Task description =
Among the entries that follow, the required portion opens with the line containing "int) \<Rightarrow> (nat" and closes with the line containing "(if p \<in>". Give that portion again exactly, and nothing else.

Data provided =
lemma inj_on_zigzag_difference: "inj_on (\<lambda>a. int a - int (zigzag n a)) {0..<n}"
  unfolding zigzag_def inj_on_def by (cases "odd n") (auto elim!: oddE evenE split: if_splits)

lemma zigzag_difference_image:
  "(\<lambda>a. int a - int (zigzag n a)) ` {0..<n} = {z. \<bar>z\<bar> \<le> int (n div 2) \<and> (odd n \<or> z \<noteq> 0)}"
proof (intro equalityI subsetI)
  fix z
  assume "z \<in> (\<lambda>a. int a - int (zigzag n a)) ` {0..<n}"
  then show "z \<in> {z. \<bar>z\<bar> \<le> int (n div 2) \<and> (odd n \<or> z \<noteq> 0)}"
    unfolding zigzag_def by (cases "odd n") (auto elim!: oddE evenE split: if_splits)
next
  fix z
  assume z: "z \<in> {z. \<bar>z\<bar> \<le> int (n div 2) \<and> (odd n \<or> z \<noteq> 0)}"
  show "z \<in> (\<lambda>a. int a - int (zigzag n a)) ` {0..<n}"
  proof (cases "odd n")
    case True
    then obtain s where n: "n = 2*s + 1"
      by (metis oddE)
    show ?thesis
    proof (cases "z \<le> 0")
      case True
      then show ?thesis
        using n z by (intro image_eqI[of _ _ "nat (- z)"]) (auto simp: zigzag_def)
    next
      case False
      then show ?thesis
        using n z by (intro image_eqI[of _ _ "nat (int n - z)"]) (auto simp: zigzag_def)
    qed
  next
    case False
    then obtain s where n: "n = 2*s"
      by (metis evenE)
    show ?thesis
    proof (cases "z < 0")
      case True
      then show ?thesis
        using n z by (intro image_eqI[of _ _ "nat (- z - 1)"]) (auto simp: zigzag_def)
    next
      case False
      then show ?thesis
        using n z by (intro image_eqI[of _ _ "nat (int n - z)"]) (auto simp: zigzag_def)
    qed
  qed
qed
text \<open>The group G_Gamma in normal form: the pair (z,t) stands for
  x_0^{z_0} ... x_{n-1}^{z_{n-1}} * prod y_{ij}^{t(i,j)}.  Multiplication follows from
  x_j x_i = x_i x_j y_{ij} (i<j, non-adjacent) with the y_{ij} central.\<close>
definition G_mult :: "nat \<Rightarrow> (nat \<Rightarrow> nat \<Rightarrow> bool) \<Rightarrow> (nat \<Rightarrow> int) \<times> (nat \<times> nat \<Rightarrow> int)
    \<Rightarrow> (nat \<Rightarrow> int) \<times> (nat \<times> nat \<Rightarrow> int) \<Rightarrow> (nat \<Rightarrow> int) \<times> (nat \<times> nat \<Rightarrow> int)" where
  "G_mult n E a b = (\<lambda>j. fst a j + fst b j,
     \<lambda>p. snd a p + snd b p + (if p \<in> nonedges n E then fst a (snd p) * fst b (fst p) else 0))"

definition G_Gamma :: "nat \<Rightarrow> (nat \<Rightarrow> nat \<Rightarrow> bool) \<Rightarrow> ((nat \<Rightarrow> int) \<times> (nat \<times> nat \<Rightarrow> int)) monoid" where
  "G_Gamma n E = \<lparr> carrier = {a. (\<forall>j. n \<le> j \<longrightarrow> fst a j = 0) \<and> (\<forall>p. p \<notin> nonedges n E \<longrightarrow> snd a p = 0)},
     mult = G_mult n E, one = (\<lambda>_. 0, \<lambda>_. 0) \<rparr>"

definition V1 :: "nat \<Rightarrow> (nat \<Rightarrow> nat \<Rightarrow> bool) \<Rightarrow> nat set" where
  "V1 n E = {v. v < n \<and> (\<exists>u. E u v)}"

definition comp_of :: "nat \<Rightarrow> (nat \<Rightarrow> nat \<Rightarrow> bool) \<Rightarrow> nat \<Rightarrow> nat set" where
  "comp_of n E v = {u \<in> V1 n E. (\<lambda>a b. a \<in> V1 n E \<and> b \<in> V1 n E \<and> E a b)\<^sup>*\<^sup>* v u}"

definition components :: "nat \<Rightarrow> (nat \<Rightarrow> nat \<Rightarrow> bool) \<Rightarrow> nat set set" where
  "components n E = comp_of n E ` V1 n E"

definition induced_iso :: "(nat \<Rightarrow> nat \<Rightarrow> bool) \<Rightarrow> nat set \<Rightarrow> nat set \<Rightarrow> bool" where
  "induced_iso E A B \<longleftrightarrow> (\<exists>f. bij_betw f A B \<and> (\<forall>u\<in>A. \<forall>v\<in>A. E u v \<longleftrightarrow> E (f u) (f v)))"
(* Let $N$ be a fixed positive integer and let $R$ be a computable POVM on $\Sigma^*$ (with values in $N\times N$ matrices). Then: (i) there exists $d\in\mathbb{N}$ such that for every density matrix $\rho\in\mathrm{Her}(N)$ and every $s\in\Sigma^*$, $$K(s)-d\le -\log_2 \operatorname{tr}(\rho R(s));$$ (ii) there exists a real $c>0$ such that for every density matrix $\rho\in\mathrm{Her}(N)$ and every $s\in\Sigma^*$, $$\operatorname{tr}(\rho R(s))\le c\,P(s).$$
   Context: $\Sigma^*=\{\lambda,0,1,00,01,\dots\}$ is the set of finite binary strings. $\mathrm{Her}(N)$ is the set of $N\times N$ complex Hermitian matrices; for $A,B\in\mathrm{Her}(N)$, $A\leqslant B$ means $B-A$ is positive semi-definite. A density matrix is $\rho\in\mathrm{Her}(N)$ with $0\leqslant\rho$ and $\operatorname{tr}\rho=1$. A semi-POVM on $\Sigma^*$ is a map $R:\Sigma^*\to\mathrm{Her}(N)$ with $0\leqslant R(s)$ for all $s$ and $\sum_{s\in\Sigma^*}R(s)\leqslant I$; it is a POVM on $\Sigma^*$ if moreover $\sum_{s}R(s)=I$. $\mathbb{C}_Q=\{a+ib: a,b\in\mathbb{Q}\}$. A map $F:\Sigma^*\to M_N(\mathbb{C})$ is computable if there is a total recursive $G:\Sigma^*\times\mathbb{N}\to M_N(\mathbb{C}_Q)$ with $\|F(s)-G(s,k)\|<2^{-k}$ (operator norm) for all $s,k$. A computer is a partial recursive function $C:\Sigma^*\to\Sigma^*$ whose domain is prefix-free; a computer $U$ is optimal if for every computer $C$ there is a constant $\mathrm{sim}(C)$ such that whenever $C(p)$ is defined there is $p'$ with $U(p')=C(p)$ and $|p'|\le|p|+\mathrm{sim}(C)$. Fix an optimal computer $U$. $K(s)=\min\{|p|: U(p)=s\}$ (Kolmogorov complexity) and $P(s)=\sum_{U(p)=s}2^{-|p|}$. $-\log_2 0=\infty$. *)

theory Defs
  imports "HOL-Analysis.Analysis" "HOL-Library.Nat_Bijection" "HOL-Library.Sublist"
begin

datatype recf = Zero | Succ | Proj nat | Comp recf "recf list" | Prec recf recf | Mn recf

inductive eval :: "recf \<Rightarrow> nat list \<Rightarrow> nat \<Rightarrow> bool" where
  eval_Zero: "eval Zero xs 0"
| eval_Succ: "eval Succ (x # xs) (Suc x)"
| eval_Proj: "i < length xs \<Longrightarrow> eval (Proj i) xs (xs ! i)"
| eval_Comp: "length ys = length gs \<Longrightarrow> (\<forall>i<length gs. eval (gs ! i) xs (ys ! i))
              \<Longrightarrow> eval f ys z \<Longrightarrow> eval (Comp f gs) xs z"
| eval_Prec0: "eval f xs y \<Longrightarrow> eval (Prec f g) (0 # xs) y"
| eval_PrecS: "eval (Prec f g) (n # xs) y \<Longrightarrow> eval g (n # y # xs) z
              \<Longrightarrow> eval (Prec f g) (Suc n # xs) z"
| eval_Mn: "eval f (n # xs) 0 \<Longrightarrow> (\<forall>m<n. \<exists>y. eval f (m # xs) y \<and> y > 0)
              \<Longrightarrow> eval (Mn f) xs n"

definition partial_recursive1 :: "(nat \<Rightarrow> nat option) \<Rightarrow> bool" where
  "partial_recursive1 \<phi> \<longleftrightarrow> (\<exists>f. \<forall>x y. \<phi> x = Some y \<longleftrightarrow> eval f [x] y)"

Result =
    \<Rightarrow> (nat \<Rightarrow> int) \<times> (nat \<times> nat \<Rightarrow> int) \<Rightarrow> (nat \<Rightarrow> int) \<times> (nat \<times> nat \<Rightarrow> int)" where
  "G_mult n E a b = (\<lambda>j. fst a j + fst b j,
     \<lambda>p. snd a p + snd b p + (if p \<in> nonedges n E then fst a (snd p) * fst b (fst p) else 0))"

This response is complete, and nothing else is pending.